Hoxha : "With Stalin", Ibid, p.116-117.

 Stalin also demonstrated to the Albanian people how well he understood their situation. For example in Albania, the majority of people were peasants:

"Cmde Stalin asked us in detail about the situation of the middle and poor peasants in our country. Hoxha told Cmde Stalin, about the policy of the CPA, and the great all-round work it had done.. in order to find support among the peasantry and win it over to its side.. Hoxha said "We acted in that way, proceeding not only from the Marxist-Leninist principle that the peasantry is the closest and most natural ally of the proletariat in the revolution, but also from that fact that the peasantry in Albania constitutes the overwhelming majority of the population and through the centuries had been characterized by great patriotic and revolutionary traditions.. Cmde Stalin replied :
"In general the peasants are afraid of communism at first because they imagine that the communists will take the land and everything they have. The enemies talk a great deal to the peasants in this direction with the aim of detaching them from that alliance with the working class and turning them away form the policy of the party and the road of socialism. Therefore the careful and far sighted work of the CP is very important, as you also said, to ensure that the peasantry links itself indissolubly with the party and the working class.".. "Stalin advised: "You must set up the Machine and Tractor Stations and strengthen them, so that they work the land well, both for the state and the cooperatives and for the individual peasants. The tractor drivers must always be in the service of the peasantry, must know all about agriculture the crops, and the soils, and must apply all this knowledge in practice to ensure that production increases without fail."
"With Stalin", Ibid, p.59-62;75-76.

Even the name of Albania's communist party was suggested by Stalin:

Cmde Stalin gave us some valuable comradely advice about our work in future.. He expressed the opinion that since the biggest percentage of its members were peasants, our CP should call itself "The Party Of Labour of Albania".
"With Stalin, Ibid, p.62.

Also let it be noted that Stalin gave practical aid to the Albanians.This consisted of everything from maize and cotton seeds(p.153), rails (p.103), army materials (p.103); and most importantly to specialists and educational help to build up industry and self-realince of the people.

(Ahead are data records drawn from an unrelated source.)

lemma smooth_on_powr:
  fixes f :: "real \<Rightarrow> real"
  shows "open I \<Longrightarrow> (\<And>t. t \<in> I \<Longrightarrow> f t > 0) \<Longrightarrow> smooth_on I f \<Longrightarrow> smooth_on I (\<lambda>t. f t powr a)"
  unfolding smooth_on_iff_times_differentiable_on by (simp add: times_differentiable_on_powr)

lemma smooth_on_continuous_on_deriv:
  fixes f :: "real \<Rightarrow> real"
  assumes "smooth_on I f"
  shows "continuous_on I (deriv f)"
proof (rule continuous_on_cong[THEN iffD1, OF refl _
      smooth_on_imp_continuous_on[OF smooth_on_vderiv[OF assms]]])
  show "vderiv f t = deriv f t" if "t \<in> I" for t
    using smooth_on_imp_differentiable[OF assms that]
    by (simp add: vderiv_eq DERIV_deriv_iff_real_differentiable
        flip: has_real_derivative_iff_has_vector_derivative)
qed

lemma smooth_on_component:
  "open I \<Longrightarrow> smooth_on I f \<Longrightarrow> smooth_on I (\<lambda>t. f t $ i)"
  by (rule smooth_on_linear[OF _ bounded_linear_vec_nth])

section \<open>Polar coordinates of a smooth plane curve\<close>

lemma smooth_on_normalized:
  fixes f g :: "real \<Rightarrow> real"
  assumes "open I" "smooth_on I f" "smooth_on I g" "\<And>t. t \<in> I \<Longrightarrow> (f t)\<^sup>2 + (g t)\<^sup>2 > 0"
  shows "smooth_on I (\<lambda>t. f t / sqrt ((f t)\<^sup>2 + (g t)\<^sup>2))"
proof (rule smooth_on_cong[OF assms(1)])
  have "smooth_on I (\<lambda>t. (f t)\<^sup>2 + (g t)\<^sup>2)"
    unfolding power2_eq_square
    by (intro smooth_on_add smooth_on_bilinear[OF _ bounded_bilinear_mult] assms)
  then show "smooth_on I (\<lambda>t. f t * ((f t)\<^sup>2 + (g t)\<^sup>2) powr (- 1 / 2))"
    by (intro smooth_on_bilinear[OF _ bounded_bilinear_mult] smooth_on_powr assms)
  show "f t * ((f t)\<^sup>2 + (g t)\<^sup>2) powr (- 1 / 2) = f t / sqrt ((f t)\<^sup>2 + (g t)\<^sup>2)"
    if "t \<in> I" for t
    using assms(4)[OF that] by (simp add: powr_minus_divide powr_half_sqrt)
qed

lemma normalized_has_real_derivative:
  fixes f g :: "real \<Rightarrow> real"
  assumes f: "(f has_real_derivative f') (at t)" and g: "(g has_real_derivative g') (at t)"
    and pos: "(f t)\<^sup>2 + (g t)\<^sup>2 > 0"
  defines "\<omega> \<equiv> (g' * f t - g t * f') / ((f t)\<^sup>2 + (g t)\<^sup>2)"
  shows "((\<lambda>t. f t / sqrt ((f t)\<^sup>2 + (g t)\<^sup>2)) has_real_derivative
      - \<omega> * (g t / sqrt ((f t)\<^sup>2 + (g t)\<^sup>2))) (at t)"
    and "((\<lambda>t. g t / sqrt ((f t)\<^sup>2 + (g t)\<^sup>2)) has_real_derivative
      \<omega> * (f t / sqrt ((f t)\<^sup>2 + (g t)\<^sup>2))) (at t)"
proof -
  define q where "q = sqrt ((f t)\<^sup>2 + (g t)\<^sup>2)"
  have q: "q > 0" "q\<^sup>2 = (f t)\<^sup>2 + (g t)\<^sup>2"
    using pos by (simp_all add: q_def)
  have dq: "((\<lambda>t. sqrt ((f t)\<^sup>2 + (g t)\<^sup>2)) has_real_derivative (f t * f' + g t * g') / q) (at t)"
    using pos unfolding q_def by (auto intro!: derivative_eq_intros f g) (simp add: field_simps)
  have quotient: "(h' * q - h t * ((f t * f' + g t * g') / q)) / (q * q)
      = (h' * q\<^sup>2 - h t * (f t * f' + g t * g')) / q ^ 3" for h :: "real \<Rightarrow> real" and h'
    using q(1) by (simp add: field_simps power2_eq_square power3_eq_cube)
  have \<omega>q: "\<omega> * q\<^sup>2 = g' * f t - g t * f'"
    unfolding \<omega>_def q(2) using pos by simp
  have "f' * q\<^sup>2 - f t * (f t * f' + g t * g') = - (\<omega> * q\<^sup>2) * g t"
    unfolding \<omega>q unfolding q(2) by (simp add: algebra_simps power2_eq_square)
  with DERIV_divide[OF f dq] show "((\<lambda>t. f t / sqrt ((f t)\<^sup>2 + (g t)\<^sup>2)) has_real_derivative
      - \<omega> * (g t / sqrt ((f t)\<^sup>2 + (g t)\<^sup>2))) (at t)"
    using q(1) unfolding quotient q_def[symmetric] by (simp add: power2_eq_square power3_eq_cube)
  have "g' * q\<^sup>2 - g t * (f t * f' + g t * g') = \<omega> * q\<^sup>2 * f t"
    unfolding \<omega>q unfolding q(2) by (simp add: algebra_simps power2_eq_square)
  with DERIV_divide[OF g dq] show "((\<lambda>t. g t / sqrt ((f t)\<^sup>2 + (g t)\<^sup>2)) has_real_derivative
      \<omega> * (f t / sqrt ((f t)\<^sup>2 + (g t)\<^sup>2))) (at t)"
    using q(1) unfolding quotient q_def[symmetric] by (simp add: power2_eq_square power3_eq_cube)
qed

lemma open_interval_eq_einterval:
  fixes I :: "real set"
  assumes "open I" "is_interval I"
  shows "I = einterval (Inf (ereal ` I)) (Sup (ereal ` I))"
proof (intro equalityI subsetI)
  fix x assume "x \<in> I"
  then obtain e where "e > 0" "ball x e \<subseteq> I"
    using assms(1) open_contains_ball by blast
  then have "x - e / 2 \<in> I" "x + e / 2 \<in> I"
    by (auto simp: subset_iff dist_real_def)
  then have "Inf (ereal ` I) \<le> ereal (x - e / 2)" "ereal (x + e / 2) \<le> Sup (ereal ` I)"
    by (auto intro: Inf_lower Sup_upper)
  moreover have "ereal (x - e / 2) < ereal x" "ereal x < ereal (x + e / 2)"
    using \<open>e > 0\<close> by simp_all
  ultimately show "x \<in> einterval (Inf (ereal ` I)) (Sup (ereal ` I))"
    unfolding einterval_iff by (meson order.strict_trans1 order.strict_trans2)
next
  fix x assume "x \<in> einterval (Inf (ereal ` I)) (Sup (ereal ` I))"
  then obtain a b where "a \<in> I" "b \<in> I" "a < x" "x < b"
    by (auto simp: einterval_iff Inf_less_iff less_Sup_iff)
  then show "x \<in> I"
    using assms(2) unfolding is_interval_1 by (meson less_imp_le)
qed

lemma antiderivative_on_open_interval:
  fixes f :: "real \<Rightarrow> real"
  assumes "open I" "is_interval I" "continuous_on I f"
  obtains F where "\<And>t. t \<in> I \<Longrightarrow> (F has_real_derivative f t) (at t)"
proof (cases "I = {}")
  case False
  let ?a = "Inf (ereal ` I)" and ?b = "Sup (ereal ` I)"
  have I: "I = einterval ?a ?b"
    by (rule open_interval_eq_einterval[OF assms(1,2)])
  moreover obtain x where "x \<in> I"
    using False by blast
  ultimately have "?a < ?b"
    by (metis einterval_iff less_trans)
  moreover have "isCont f x" if "?a < x" "x < ?b" for x
    using assms(1,3) I that continuous_on_eq_continuous_at by (fastforce simp: einterval_iff)
  ultimately obtain F where "\<forall>x. ?a < x \<longrightarrow> x < ?b \<longrightarrow> (F has_vector_derivative f x) (at x)"
    using einterval_antiderivative by blast
  with I that show ?thesis
    by (metis einterval_iff has_real_derivative_iff_has_vector_derivative)
qed simp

"We shall help you with specialists in order to speed up the process of development of the Albanian economy and culture. As for oil think we'll send you Azerbajani specialists, because they are masters of their profession. For its part, Albania should send the sons and daughters of workers and peasants to the Soviet Union to learn and develop so that they can help the advancement of their Homeland".. We shall assist both with literature and with specialists in order to help increase the number of higher institutes which are the basis for the creation of the university"
 

The conversations Stalin had with Hoxha are indeed very interesting. Not only do they disprove the claim that Stalin was responsible for Greek defeat, but also that his advice was sage.

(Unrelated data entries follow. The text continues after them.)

lemma shortest_form_props:
  assumes "v \<noteq> []" "shortest_form u v = (x, y)"
  shows "primitive y" "\<exists>i. u = x @ pow y i" "\<exists>j\<ge>1. v = pow y j"
    and "x \<frown> y\<^sup>\<omega> = u \<frown> v\<^sup>\<omega>" "\<forall>x'. x \<noteq> x' @ y"
proof -
  have sf: "is_shortest_form u v x y"
    using theI'[OF is_shortest_form_ex1[OF assms(1), of u]] assms(2) unfolding shortest_form_def by simp
  then show "primitive y" "\<exists>i. u = x @ pow y i" "\<exists>j\<ge>1. v = pow y j"
    using smallest_period_primitive unfolding is_shortest_form_def by blast+
  then have "y \<noteq> []" by (simp add: primitive_def)
  obtain i where i: "u = x @ pow y i" using \<open>\<exists>i. u = x @ pow y i\<close> ..
  show "x \<frown> y\<^sup>\<omega> = u \<frown> v\<^sup>\<omega>"
    using sf i pow_conc_iter[OF \<open>y \<noteq> []\<close>, of i] smallest_period_primitive(2)
    unfolding is_shortest_form_def by (metis conc_conc)
  show "\<forall>x'. x \<noteq> x' @ y"
  proof (intro allI notI)
    fix x' assume "x = x' @ y"
    then have "u = x' @ pow y (Suc i)" using i by (simp add: pow_Suc)
    then have "length x \<le> length x'" using sf unfolding is_shortest_form_def by blast
    then show False using \<open>x = x' @ y\<close> \<open>y \<noteq> []\<close> by simp
  qed
qed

     In 1947, at his Second meeting with Stalin Hoxha was blunt :
"We think that the leadership of the KKE made grave mistakes.. among others that the Greek Democratic Party (GDA) stood aloof from the people.. made great mistakes in regard to the expansion of the party in the countryside and the town during the war.. and during the war against internal reaction and Anglo-American intervention."
"With Stalin", Ibid, P.109-110.

 Hoxhas also noted to Stalin how many of the mistakes made by the Greeks were the same sort of ideas made by revisionists  that the Albanians had to fight in their own party.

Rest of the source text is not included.